The results of previous studies are in line with current study that introduced VAI as the most powerful prognosticator of atherogenic dyslipidemia [19]. Also, it has been found that LAP was a beneficial factor in predicting the incidence of dyslipidemia. Recently, Zhou, Y et al., showed that LAP was more associated with dyslipidemia than BMI among university staff in a cross-sectional study [34]. It has been stated that the BRI's potential role in predicting dyslipidemia is comparable with BMI but not stronger [35]. It has been shown that BRI can be a good indicator for dyslipidemia prediction in women but not in men [36]. Maybe this difference relates to the diversity of visceral adiposity between genders.

It has been shown that VAI serves as a significant tool for determining insulin sensitivity, and its elevation exhibits a robust correlation with the risk of developing cardio-metabolic disorders [14]. Insulin resistance plays a crucial role in the metabolism of very low-density lipoprotein (VLDL), including its effect of elevating the synthesis of hepatic VLDL triglycerides (VLDL-TGs) [37, 38]. The enhanced synthesis of VLDL-TGs is associated with the escalated production of hepatic Apolipoprotein B-100 (apo B-100) [37,38,39]. This leads to hypertriglyceridemia, increases in particle number exhibited by VLDL apo B-100 and decreased HDL-C concentrations [39]. Insulin resistance is also associated with an increase in hepatic triglyceride lipase (HTGL), which may result in the accelerated clearance of HDL-C and a reduction in HDL-C [40].

The reason for the difference between previous findings and current study results can be due to the difference in the included indicators of the studies and the statistical methods used.

Study strengths and limitations

This was a 10-year follow-up cohort study with a large population, using novel anthropometric indices for the prediction of dyslipidemia incidence. Using analytical techniques, including the machine learning algorithms such as the decision tree method and Logistic Regression Model was another robustness of the study. To the best of our knowledge, the design of previous studies was cross-sectional. There is no longitudinal study among subjects without dyslipidemia with a 10-year follow-up.

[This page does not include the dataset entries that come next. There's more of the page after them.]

text \<open>A point far from \<open>mu n\<close> along its chain passes through a stopping cell \<open>d\<close> whose average
  is still close to \<open>mu n\<close>, so it is almost as far from \<open>mu d\<close>.\<close>

lemma exceptional_Suc_subset:
  "exceptional (real (Suc m) * 2 ^ (DIM('a) + 1)) n
    \<subseteq> \<Union>(exceptional (real m * 2 ^ (DIM('a) + 1)) ` stopping_cells n)"
proof
  let ?K = "2 ^ (DIM('a) + 1) :: real"
  fix x assume "x \<in> exceptional (real (Suc m) * ?K) n"
  then obtain s j where x: "x \<in> dcell n" and s: "s \<ge> 0" "sharp f x = ennreal s"
    and j: "fst n \<le> j" and far: "\<bar>mu (node j x) - mu n\<bar> > real (Suc m) * ?K * s"
    unfolding exceptional_def by blast
  have "2 * s \<le> real (Suc m) * ?K * s"
    using power_increasing[of 1 "DIM('a) + 1" "2::real"] s(1)
    by (intro mult_right_mono) (auto intro: order_trans[of _ ?K] simp: algebra_simps)
  then have stops_j: "stops n (node j x)"
    using stops_if_far[OF x s(2,1)] far by simp
  then have ex_stops: "\<exists>j \<ge> fst n. stops n (node j x)"
    using j by blast
  define d where "d = node (stop_gen n x) x"
  have "\<bar>mu d - mu n\<bar> \<le> ?K * s"
    unfolding d_def using stopping_cell_mu_close[OF x ex_stops] osc_le_of_mem_dcell[OF x s(2,1)]
    by (meson mult_left_mono order_trans zero_le_numeral zero_le_power)
  then have "\<bar>mu (node j x) - mu d\<bar> > real m * ?K * s"
    using far by (simp add: algebra_simps)
  moreover have "fst d \<le> j"
    unfolding d_def using stop_gen_le[OF ex_stops j stops_j] by simp
  moreover have "x \<in> dcell d"
    unfolding d_def using node_of_mem_dcell[OF x] by (blast intro: mem_dcell_node)
  ultimately have "x \<in> exceptional (real m * ?K) d"
    unfolding exceptional_def using s by blast
  moreover have "d \<in> stopping_cells n"
    unfolding d_def stopping_cells_def using x ex_stops by blast
  ultimately show "x \<in> \<Union>(exceptional (real m * ?K) ` stopping_cells n)"
    by blast
qed

lemma exceptional_subset_descendants:
  "exceptional (real m * 2 ^ (DIM('a) + 1)) n \<subseteq> stopping.descendants m n"
proof (induction m arbitrary: n)
  case 0
  then show ?case
    by (auto simp: exceptional_def)
next
  case (Suc m)
  then show ?case
    using exceptional_Suc_subset[of m n] by fastforce
qed

lemma maximal_average_le:
  assumes x: "x \<in> half_open_cube" and s: "sharp f x = ennreal s" "s \<ge> 0"
    and R: "is_cube R" "x \<in> R"
  obtains j where
    "(\<integral>\<^sup>+y\<in>R. ennreal \<bar>indicator (dcube base_node) y * (f y - mu base_node)\<bar> \<partial>lebesgue) / emeasure lebesgue R
      \<le> ennreal (4 ^ DIM('a) * ((1 + 2 ^ DIM('a)) * s + \<bar>mu (node j x) - mu base_node\<bar>))"
proof -
  let ?n = "DIM('a)"
  obtain r \<rho> where \<rho>: "\<rho> > 0" and R_eq: "R = cbox r (r + \<rho> *\<^sub>R One)"
    using R(1) unfolding is_cube_def by blast
  obtain j c l where l: "0 < l" "l \<le> 4 * \<rho>" "l \<le> 2 * side j"
    and RT: "R \<inter> dcube base_node \<subseteq> cbox c (c + l *\<^sub>R One)"
    and DT: "dcube (node j x) \<subseteq> cbox c (c + l *\<^sub>R One)"
    using covering_cube[OF x \<rho> R(2)[unfolded R_eq]] unfolding R_eq dcube_base_node by metis
  define T where "T = cbox c (c + l *\<^sub>R One)"
  define bound where "bound = (1 + 2 ^ ?n) * s + \<bar>mu (node j x) - mu base_node\<bar>"
  have measure_T: "measure lebesgue T = l ^ ?n"
    unfolding T_def using l by (intro measure_cube) simp
  have "measure lebesgue T \<le> 2 ^ ?n * measure lebesgue (dcube (node j x))"
    unfolding measure_T measure_dcube fst_node
    using power_mono[OF l(3), of ?n] l by (simp add: power_mult_distrib)
  moreover have "is_cube T" "x \<in> T"
    using l DT mem_dcube_node[OF x] unfolding T_def is_cube_def by blast+
  ultimately have "deviation f T (mu base_node) \<le> l ^ ?n * bound"
    using deviation_le_sharp_add[OF _ _ s _ DT[folded T_def] measure_dcube_pos] measure_T
    unfolding bound_def mu_def by simp
  then have "deviation f T (mu base_node) / \<rho> ^ ?n \<le> (l / \<rho>) ^ ?n * bound"
    using \<rho> by (simp add: divide_right_mono power_divide)
  also have "\<dots> \<le> 4 ^ ?n * bound"
    using l \<rho> s(2) unfolding bound_def
    by (intro mult_right_mono power_mono) (simp_all add: field_simps)
  finally have ratio: "deviation f T (mu base_node) / \<rho> ^ ?n \<le> 4 ^ ?n * bound" .
  have "(\<integral>\<^sup>+y\<in>R. ennreal \<bar>indicator (dcube base_node) y * (f y - mu base_node)\<bar> \<partial>lebesgue) / emeasure lebesgue R
      \<le> ennreal (deviation f T (mu base_node)) / ennreal (\<rho> ^ ?n)"
    using set_nn_integral_indicator_le_deviation[of T R] RT emeasure_cube[of \<rho> r] \<rho>
    unfolding T_def R_eq by (simp add: divide_right_mono_ennreal)
  also have "\<dots> \<le> ennreal (4 ^ ?n * bound)"
    using ratio \<rho> by (simp add: divide_ennreal deviation_nonneg ennreal_leI)
  finally show ?thesis
    using that unfolding bound_def by blast
qed
lemma ballot_parameter_exists:
  fixes p :: nat
  assumes "64 \<le> p"
  obtains q where "2 * (2 * q + 1) ^ 2 \<le> p" "p \<le> 16 * (q + 1) ^ 2"
proof
  define s where "s = floor_sqrt p"
  define r where "r = s div 4"
  have "2 \<le> r"
    using assms le_floor_sqrtI[of 8 p] by (simp add: r_def s_def)
  then have "2 * r \<le> r * r"
    by (intro mult_right_mono) simp_all
  moreover have "2 * (2 * r + 1) ^ 2 = 8 * (r * r) + 8 * r + 2" "(4 * r) ^ 2 = 16 * (r * r)"
    by (simp_all add: power2_eq_square algebra_simps)
  ultimately have "2 * (2 * r + 1) ^ 2 \<le> (4 * r) ^ 2"
    using \<open>2 \<le> r\<close> by linarith
  also have "\<dots> \<le> s ^ 2"
    by (intro power_mono) (simp_all add: r_def)
  also have "\<dots> \<le> p"
    by (simp add: s_def)
  finally show "2 * (2 * r + 1) ^ 2 \<le> p" .
  have "p < (s + 1) ^ 2"
    using Suc_floor_sqrt_power2_gt[of p] by (simp add: s_def)
  also have "\<dots> \<le> (4 * (r + 1)) ^ 2"
    by (intro power_mono) (simp_all add: r_def)
  also have "\<dots> = 16 * (r + 1) ^ 2"
    by (simp add: power2_eq_square algebra_simps)
  finally show "p \<le> 16 * (r + 1) ^ 2"
    by simp
qed

lemma B_lower_bound:
  assumes "64 \<le> p"
  shows "16 ^ p / (4096 * real p) \<le> real (B (4 * p + 2))"
proof -
  obtain q where q: "2 * (2 * q + 1) ^ 2 \<le> p" "p \<le> 16 * (q + 1) ^ 2"
    using ballot_parameter_exists[OF assms] .
  define c where "c = real ((2 * p) choose p)"
  have "16 ^ p / (4096 * real p) \<le> c ^ 2 / 1024"
    using central_binomial_squared_lower[of p] assms by (simp add: c_def field_simps)
  also have "\<dots> = (c / 32) ^ 2"
    by (simp add: power_divide)
  also have "\<dots> \<le> real (card (ballot_halves p q)) ^ 2"
    using central_binomial_le_ballot_halves[OF q] by (intro power_mono) (simp_all add: c_def)
  also have "\<dots> \<le> real (B (4 * p + 2))"
    using card_ballot_halves_squared[of p q] by (simp flip: of_nat_power)
  finally show ?thesis .
qed

theorem proposition13:
  shows "(\<lambda>n. real (B n)) \<in> \<Omega>(\<lambda>n. 2 ^ n / real n)"
proof (rule landau_omega.bigI[of "1 / 32768"])
  show "\<forall>\<^sub>F n in at_top. 1 / 32768 * norm (2 ^ n / real n :: real) \<le> norm (real (B n))"
    unfolding eventually_at_top_linorder
  proof (intro exI allI impI)
    fix n :: nat assume n: "258 \<le> n"
    define p where "p = (n - 2) div 4"
    have p: "64 \<le> p" "4 * p + 2 \<le> n" "n \<le> 4 * p + 5"
      using n by (auto simp: p_def)
    have "(2::real) ^ n \<le> 2 ^ (4 * p + 5)"
      using p by (intro power_increasing) auto
    then have "1 / 32768 * (2 ^ n / real n) \<le> 1 / 32768 * (32 * 16 ^ p / (4 * real p))"
      using p by (intro mult_left_mono frac_le) (auto simp: power_add power_mult)
    also have "\<dots> = 16 ^ p / (4096 * real p)"
      by simp
    also have "\<dots> \<le> real (B (4 * p + 2))"
      using B_lower_bound[OF p(1)] .
    also have "\<dots> \<le> real (B n)"
      using B_mono[OF p(2)] by simp
    finally show "1 / 32768 * norm (2 ^ n / real n :: real) \<le> norm (real (B n))"
      by simp
  qed
qed simp

end
lemma abelian_group_tensor: "abelian_group (tensor_alg A B)"
proof (rule abelian_groupI)
  note defs = carrier_tensor tensor_add_tcls tensor_zero
  fix x y assume "x \<in> carrier (tensor_alg A B)" "y \<in> carrier (tensor_alg A B)"
  then obtain f g where "f \<in> tfree A B" "g \<in> tfree A B" "x = tcls A B f" "y = tcls A B g"
    by (auto elim!: tensor_carrierE)
  then show "x \<oplus>\<^bsub>tensor_alg A B\<^esub> y \<in> carrier (tensor_alg A B)"
    "x \<oplus>\<^bsub>tensor_alg A B\<^esub> y = y \<oplus>\<^bsub>tensor_alg A B\<^esub> x"
    by (auto simp: defs tfree_add add.commute)
next
  show "\<zero>\<^bsub>tensor_alg A B\<^esub> \<in> carrier (tensor_alg A B)"
    by (simp add: carrier_tensor tensor_zero tfree_zero)
next
  fix x y z assume "x \<in> carrier (tensor_alg A B)" "y \<in> carrier (tensor_alg A B)" "z \<in> carrier (tensor_alg A B)"
  then obtain f g h where "x = tcls A B f" "y = tcls A B g" "z = tcls A B h"
    by (auto elim!: tensor_carrierE)
  then show "x \<oplus>\<^bsub>tensor_alg A B\<^esub> y \<oplus>\<^bsub>tensor_alg A B\<^esub> z = x \<oplus>\<^bsub>tensor_alg A B\<^esub> (y \<oplus>\<^bsub>tensor_alg A B\<^esub> z)"
    by (simp add: tensor_add_tcls add.assoc)
next
  fix x assume "x \<in> carrier (tensor_alg A B)"
  then obtain f where f: "f \<in> tfree A B" "x = tcls A B f" by (auto elim!: tensor_carrierE)
  then show "\<zero>\<^bsub>tensor_alg A B\<^esub> \<oplus>\<^bsub>tensor_alg A B\<^esub> x = x" by (simp add: tensor_add_tcls tensor_zero)
  have "tcls A B (\<lambda>q. (-1) * f q) \<in> carrier (tensor_alg A B)"
    using f tfree_smul[of f A B "-1"] by (simp add: carrier_tensor)
  moreover have "tcls A B (\<lambda>q. (-1) * f q) \<oplus>\<^bsub>tensor_alg A B\<^esub> x = \<zero>\<^bsub>tensor_alg A B\<^esub>"
    using f by (simp add: tensor_add_tcls tensor_zero)
  ultimately show "\<exists>y\<in>carrier (tensor_alg A B). y \<oplus>\<^bsub>tensor_alg A B\<^esub> x = \<zero>\<^bsub>tensor_alg A B\<^esub>" by blast
qed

To explicate these findings the following limitations ought to be acknowledged: Possibly, some individuals with dyslipidemia were geriatric (aged ≥ 65 years); however, current research only comprised participants aged 35 to 65 years old. Also, some factors such as epigenetics, can be included in future studies.

Conclusion

The present study established a 10-year predicting model for dyslipidemia incidence, for the first time. Generally, current study has shown that in all models VAI is the most important predictor for dyslipidemia incidence. This finding emphasis on the importance of visceral obesity to dyslipidemia incidence and suggest to target the visceral obesity improvement for decreasing the incidence of dyslipidemia.